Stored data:
☆ ☆ ☆ ☆ ☆
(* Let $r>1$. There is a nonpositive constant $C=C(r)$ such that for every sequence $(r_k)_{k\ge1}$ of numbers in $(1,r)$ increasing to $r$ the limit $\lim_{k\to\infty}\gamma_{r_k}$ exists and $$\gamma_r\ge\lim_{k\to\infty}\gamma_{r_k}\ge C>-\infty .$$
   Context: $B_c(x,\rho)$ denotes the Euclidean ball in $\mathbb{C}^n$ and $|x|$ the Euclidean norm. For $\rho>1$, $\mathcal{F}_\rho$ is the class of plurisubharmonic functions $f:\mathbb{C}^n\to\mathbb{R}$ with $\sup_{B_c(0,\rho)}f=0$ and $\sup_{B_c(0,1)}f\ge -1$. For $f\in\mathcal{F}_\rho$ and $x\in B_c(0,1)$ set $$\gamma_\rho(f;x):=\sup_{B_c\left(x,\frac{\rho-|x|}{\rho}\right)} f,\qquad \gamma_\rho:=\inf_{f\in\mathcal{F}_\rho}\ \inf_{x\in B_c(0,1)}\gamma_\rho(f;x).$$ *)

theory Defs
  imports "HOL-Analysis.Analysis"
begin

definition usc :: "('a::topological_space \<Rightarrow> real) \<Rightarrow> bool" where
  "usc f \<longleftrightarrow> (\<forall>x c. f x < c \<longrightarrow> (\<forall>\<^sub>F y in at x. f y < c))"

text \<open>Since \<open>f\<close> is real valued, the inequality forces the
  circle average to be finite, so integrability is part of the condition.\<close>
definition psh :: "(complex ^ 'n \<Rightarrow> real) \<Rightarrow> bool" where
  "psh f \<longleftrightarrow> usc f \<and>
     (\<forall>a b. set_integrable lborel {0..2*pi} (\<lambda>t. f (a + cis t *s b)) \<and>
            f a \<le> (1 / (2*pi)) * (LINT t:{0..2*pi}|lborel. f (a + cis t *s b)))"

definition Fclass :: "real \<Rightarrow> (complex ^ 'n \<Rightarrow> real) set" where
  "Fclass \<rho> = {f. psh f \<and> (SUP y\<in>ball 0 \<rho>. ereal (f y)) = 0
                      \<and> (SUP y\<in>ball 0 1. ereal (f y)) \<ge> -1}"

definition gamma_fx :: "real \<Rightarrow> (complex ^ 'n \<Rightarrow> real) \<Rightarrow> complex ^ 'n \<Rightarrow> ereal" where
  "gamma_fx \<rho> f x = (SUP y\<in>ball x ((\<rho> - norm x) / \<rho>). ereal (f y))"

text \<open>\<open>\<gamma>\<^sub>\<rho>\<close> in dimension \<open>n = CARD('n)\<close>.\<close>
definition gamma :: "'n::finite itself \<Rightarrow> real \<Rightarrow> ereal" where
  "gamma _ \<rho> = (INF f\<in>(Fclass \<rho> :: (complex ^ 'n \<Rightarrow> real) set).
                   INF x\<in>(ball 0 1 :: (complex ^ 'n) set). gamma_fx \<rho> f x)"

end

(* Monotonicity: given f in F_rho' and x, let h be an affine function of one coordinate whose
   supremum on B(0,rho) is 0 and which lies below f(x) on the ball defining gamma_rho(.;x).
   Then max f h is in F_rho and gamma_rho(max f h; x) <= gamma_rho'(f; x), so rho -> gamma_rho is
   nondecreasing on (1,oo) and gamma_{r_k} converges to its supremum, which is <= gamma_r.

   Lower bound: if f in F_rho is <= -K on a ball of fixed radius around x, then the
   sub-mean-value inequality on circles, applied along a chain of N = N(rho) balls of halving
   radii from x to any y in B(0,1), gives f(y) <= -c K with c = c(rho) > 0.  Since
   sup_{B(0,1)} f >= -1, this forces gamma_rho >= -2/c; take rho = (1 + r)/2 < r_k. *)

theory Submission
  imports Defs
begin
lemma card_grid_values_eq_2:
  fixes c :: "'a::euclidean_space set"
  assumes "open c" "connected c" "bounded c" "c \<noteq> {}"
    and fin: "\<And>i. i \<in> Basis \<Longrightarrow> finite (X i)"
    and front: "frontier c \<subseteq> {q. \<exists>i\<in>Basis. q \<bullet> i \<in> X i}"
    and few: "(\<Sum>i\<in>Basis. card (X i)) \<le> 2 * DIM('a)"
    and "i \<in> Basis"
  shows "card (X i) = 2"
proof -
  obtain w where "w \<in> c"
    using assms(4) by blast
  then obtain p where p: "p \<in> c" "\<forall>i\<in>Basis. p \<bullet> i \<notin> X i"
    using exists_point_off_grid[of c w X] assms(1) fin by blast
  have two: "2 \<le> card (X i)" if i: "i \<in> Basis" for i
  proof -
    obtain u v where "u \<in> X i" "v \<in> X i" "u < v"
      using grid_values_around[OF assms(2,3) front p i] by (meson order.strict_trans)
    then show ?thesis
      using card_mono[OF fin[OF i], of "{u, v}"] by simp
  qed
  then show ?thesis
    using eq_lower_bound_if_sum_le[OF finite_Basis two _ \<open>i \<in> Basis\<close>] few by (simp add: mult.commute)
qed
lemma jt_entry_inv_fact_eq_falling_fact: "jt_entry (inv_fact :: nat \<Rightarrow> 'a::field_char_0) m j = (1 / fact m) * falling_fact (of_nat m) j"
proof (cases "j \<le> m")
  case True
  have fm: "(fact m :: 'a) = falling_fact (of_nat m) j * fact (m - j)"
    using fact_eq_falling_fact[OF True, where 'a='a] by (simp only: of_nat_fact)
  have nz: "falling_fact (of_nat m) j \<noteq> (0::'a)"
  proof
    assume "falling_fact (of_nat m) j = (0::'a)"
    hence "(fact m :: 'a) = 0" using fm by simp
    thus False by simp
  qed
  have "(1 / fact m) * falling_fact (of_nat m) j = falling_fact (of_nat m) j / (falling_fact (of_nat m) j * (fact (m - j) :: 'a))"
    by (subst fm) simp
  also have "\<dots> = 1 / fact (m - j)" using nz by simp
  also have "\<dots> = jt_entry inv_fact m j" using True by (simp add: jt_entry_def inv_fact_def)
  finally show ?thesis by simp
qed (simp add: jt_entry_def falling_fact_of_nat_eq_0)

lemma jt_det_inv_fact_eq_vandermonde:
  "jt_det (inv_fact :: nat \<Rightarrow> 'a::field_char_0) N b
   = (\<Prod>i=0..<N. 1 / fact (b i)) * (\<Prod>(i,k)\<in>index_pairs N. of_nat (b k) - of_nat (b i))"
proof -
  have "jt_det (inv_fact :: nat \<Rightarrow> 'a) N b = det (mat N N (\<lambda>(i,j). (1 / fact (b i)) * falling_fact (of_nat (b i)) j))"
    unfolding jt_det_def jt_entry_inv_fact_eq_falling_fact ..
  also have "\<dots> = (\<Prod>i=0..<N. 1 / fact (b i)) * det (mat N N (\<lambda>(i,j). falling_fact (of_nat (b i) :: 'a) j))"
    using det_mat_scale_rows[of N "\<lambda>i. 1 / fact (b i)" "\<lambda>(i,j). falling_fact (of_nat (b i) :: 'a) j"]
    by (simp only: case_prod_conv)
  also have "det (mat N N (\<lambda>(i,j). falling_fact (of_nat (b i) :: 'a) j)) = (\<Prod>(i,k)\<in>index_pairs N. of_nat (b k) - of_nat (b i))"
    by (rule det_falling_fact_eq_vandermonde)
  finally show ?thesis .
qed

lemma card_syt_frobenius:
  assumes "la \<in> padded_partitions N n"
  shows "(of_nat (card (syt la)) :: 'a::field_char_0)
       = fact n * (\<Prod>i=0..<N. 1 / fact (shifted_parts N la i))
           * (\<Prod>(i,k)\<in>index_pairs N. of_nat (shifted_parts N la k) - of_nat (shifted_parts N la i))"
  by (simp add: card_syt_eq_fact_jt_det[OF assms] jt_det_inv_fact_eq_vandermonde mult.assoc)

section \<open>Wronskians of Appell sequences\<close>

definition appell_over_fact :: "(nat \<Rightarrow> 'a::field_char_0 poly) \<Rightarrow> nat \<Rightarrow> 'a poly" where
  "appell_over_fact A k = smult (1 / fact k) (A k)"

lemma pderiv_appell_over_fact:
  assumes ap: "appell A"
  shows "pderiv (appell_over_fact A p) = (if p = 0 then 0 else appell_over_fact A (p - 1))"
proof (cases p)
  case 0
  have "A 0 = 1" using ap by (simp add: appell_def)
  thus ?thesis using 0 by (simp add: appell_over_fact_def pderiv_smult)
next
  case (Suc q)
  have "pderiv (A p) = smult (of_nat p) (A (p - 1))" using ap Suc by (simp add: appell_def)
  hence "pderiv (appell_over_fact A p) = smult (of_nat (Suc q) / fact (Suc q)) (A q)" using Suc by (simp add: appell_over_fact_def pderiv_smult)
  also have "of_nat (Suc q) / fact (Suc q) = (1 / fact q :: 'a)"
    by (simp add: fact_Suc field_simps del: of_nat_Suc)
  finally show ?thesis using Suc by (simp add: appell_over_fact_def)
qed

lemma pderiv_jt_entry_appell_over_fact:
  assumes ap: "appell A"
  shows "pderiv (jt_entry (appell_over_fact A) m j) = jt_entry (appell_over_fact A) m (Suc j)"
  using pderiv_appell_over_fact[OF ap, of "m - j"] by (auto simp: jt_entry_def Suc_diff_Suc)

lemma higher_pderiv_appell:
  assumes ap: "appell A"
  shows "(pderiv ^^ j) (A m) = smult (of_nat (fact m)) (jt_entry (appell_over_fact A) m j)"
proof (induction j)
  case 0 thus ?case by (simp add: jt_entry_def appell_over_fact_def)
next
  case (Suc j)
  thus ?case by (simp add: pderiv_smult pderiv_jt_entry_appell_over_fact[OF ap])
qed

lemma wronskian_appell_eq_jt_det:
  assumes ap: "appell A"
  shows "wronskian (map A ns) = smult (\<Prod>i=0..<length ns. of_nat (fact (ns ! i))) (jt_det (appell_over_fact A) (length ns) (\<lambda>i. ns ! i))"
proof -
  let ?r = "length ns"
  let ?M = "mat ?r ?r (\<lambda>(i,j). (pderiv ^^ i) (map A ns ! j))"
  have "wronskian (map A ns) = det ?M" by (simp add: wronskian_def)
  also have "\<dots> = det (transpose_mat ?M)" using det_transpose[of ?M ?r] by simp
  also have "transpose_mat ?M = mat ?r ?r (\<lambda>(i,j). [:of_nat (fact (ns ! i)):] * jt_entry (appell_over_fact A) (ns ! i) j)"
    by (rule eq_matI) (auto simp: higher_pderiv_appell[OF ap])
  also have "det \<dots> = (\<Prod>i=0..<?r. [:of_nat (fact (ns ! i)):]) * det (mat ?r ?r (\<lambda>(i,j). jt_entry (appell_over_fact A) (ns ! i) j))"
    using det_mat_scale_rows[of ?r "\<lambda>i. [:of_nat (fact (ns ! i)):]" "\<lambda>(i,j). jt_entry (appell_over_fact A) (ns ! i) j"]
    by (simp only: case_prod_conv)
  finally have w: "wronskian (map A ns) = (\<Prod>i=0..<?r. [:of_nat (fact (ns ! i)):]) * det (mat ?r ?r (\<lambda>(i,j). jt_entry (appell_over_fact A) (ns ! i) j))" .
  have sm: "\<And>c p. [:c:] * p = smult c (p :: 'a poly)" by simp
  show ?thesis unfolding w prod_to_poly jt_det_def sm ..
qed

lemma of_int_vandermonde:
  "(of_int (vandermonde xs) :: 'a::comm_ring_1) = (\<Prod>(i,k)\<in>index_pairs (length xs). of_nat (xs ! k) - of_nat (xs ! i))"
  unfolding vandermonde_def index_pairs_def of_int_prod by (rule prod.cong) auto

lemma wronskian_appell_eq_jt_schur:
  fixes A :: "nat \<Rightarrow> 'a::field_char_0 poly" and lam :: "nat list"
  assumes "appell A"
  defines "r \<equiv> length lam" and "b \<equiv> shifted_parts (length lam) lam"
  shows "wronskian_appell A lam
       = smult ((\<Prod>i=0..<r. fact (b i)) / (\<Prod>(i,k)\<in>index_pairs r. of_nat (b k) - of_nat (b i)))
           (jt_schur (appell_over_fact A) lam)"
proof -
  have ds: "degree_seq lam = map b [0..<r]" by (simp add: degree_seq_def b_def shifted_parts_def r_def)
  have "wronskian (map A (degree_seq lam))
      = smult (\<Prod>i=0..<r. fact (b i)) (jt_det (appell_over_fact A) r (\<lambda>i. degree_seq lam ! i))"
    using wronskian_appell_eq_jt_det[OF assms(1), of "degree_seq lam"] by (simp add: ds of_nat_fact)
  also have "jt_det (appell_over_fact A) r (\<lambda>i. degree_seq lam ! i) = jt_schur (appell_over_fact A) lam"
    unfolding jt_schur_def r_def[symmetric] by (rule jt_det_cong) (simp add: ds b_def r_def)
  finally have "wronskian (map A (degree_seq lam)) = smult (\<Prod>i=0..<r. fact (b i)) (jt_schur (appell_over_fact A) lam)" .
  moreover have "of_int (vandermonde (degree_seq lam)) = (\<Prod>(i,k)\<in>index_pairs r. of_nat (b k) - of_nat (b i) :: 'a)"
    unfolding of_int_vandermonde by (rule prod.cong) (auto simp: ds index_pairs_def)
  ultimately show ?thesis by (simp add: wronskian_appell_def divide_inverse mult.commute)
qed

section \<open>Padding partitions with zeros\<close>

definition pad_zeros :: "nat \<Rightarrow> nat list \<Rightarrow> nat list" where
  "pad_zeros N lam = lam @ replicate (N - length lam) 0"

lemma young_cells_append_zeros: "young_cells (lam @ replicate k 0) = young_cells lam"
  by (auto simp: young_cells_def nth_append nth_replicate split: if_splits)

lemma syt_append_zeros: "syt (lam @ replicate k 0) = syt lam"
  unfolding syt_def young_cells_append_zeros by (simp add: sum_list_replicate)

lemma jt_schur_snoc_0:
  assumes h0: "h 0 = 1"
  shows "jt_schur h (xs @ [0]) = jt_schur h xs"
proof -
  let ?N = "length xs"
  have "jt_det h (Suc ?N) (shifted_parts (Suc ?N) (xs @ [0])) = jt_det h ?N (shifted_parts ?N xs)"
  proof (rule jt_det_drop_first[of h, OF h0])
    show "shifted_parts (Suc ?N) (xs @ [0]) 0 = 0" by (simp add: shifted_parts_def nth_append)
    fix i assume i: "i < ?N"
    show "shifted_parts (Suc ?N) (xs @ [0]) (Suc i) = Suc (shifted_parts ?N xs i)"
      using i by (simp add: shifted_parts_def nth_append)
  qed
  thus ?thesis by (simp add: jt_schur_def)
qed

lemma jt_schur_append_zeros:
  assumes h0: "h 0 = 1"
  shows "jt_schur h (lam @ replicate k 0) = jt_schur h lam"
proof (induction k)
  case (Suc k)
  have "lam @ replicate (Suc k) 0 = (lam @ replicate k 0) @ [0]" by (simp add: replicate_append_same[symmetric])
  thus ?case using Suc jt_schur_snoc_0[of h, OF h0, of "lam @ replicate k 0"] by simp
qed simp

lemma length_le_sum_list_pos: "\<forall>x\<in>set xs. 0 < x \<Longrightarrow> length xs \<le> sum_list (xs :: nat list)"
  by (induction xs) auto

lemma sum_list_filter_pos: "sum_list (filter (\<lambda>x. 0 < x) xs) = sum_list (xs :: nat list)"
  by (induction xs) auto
☆ ☆ ☆ ☆ ☆
Of the lines above, output exactly those from the line bearing "la)) :: 'a::field_char_0)" through the line bearing "A k = smult", inclusive.

  shows "(of_nat (card (syt la)) :: 'a::field_char_0)
       = fact n * (\<Prod>i=0..<N. 1 / fact (shifted_parts N la i))
           * (\<Prod>(i,k)\<in>index_pairs N. of_nat (shifted_parts N la k) - of_nat (shifted_parts N la i))"
  by (simp add: card_syt_eq_fact_jt_det[OF assms] jt_det_inv_fact_eq_vandermonde mult.assoc)

section \<open>Wronskians of Appell sequences\<close>

definition appell_over_fact :: "(nat \<Rightarrow> 'a::field_char_0 poly) \<Rightarrow> nat \<Rightarrow> 'a poly" where
  "appell_over_fact A k = smult (1 / fact k) (A k)"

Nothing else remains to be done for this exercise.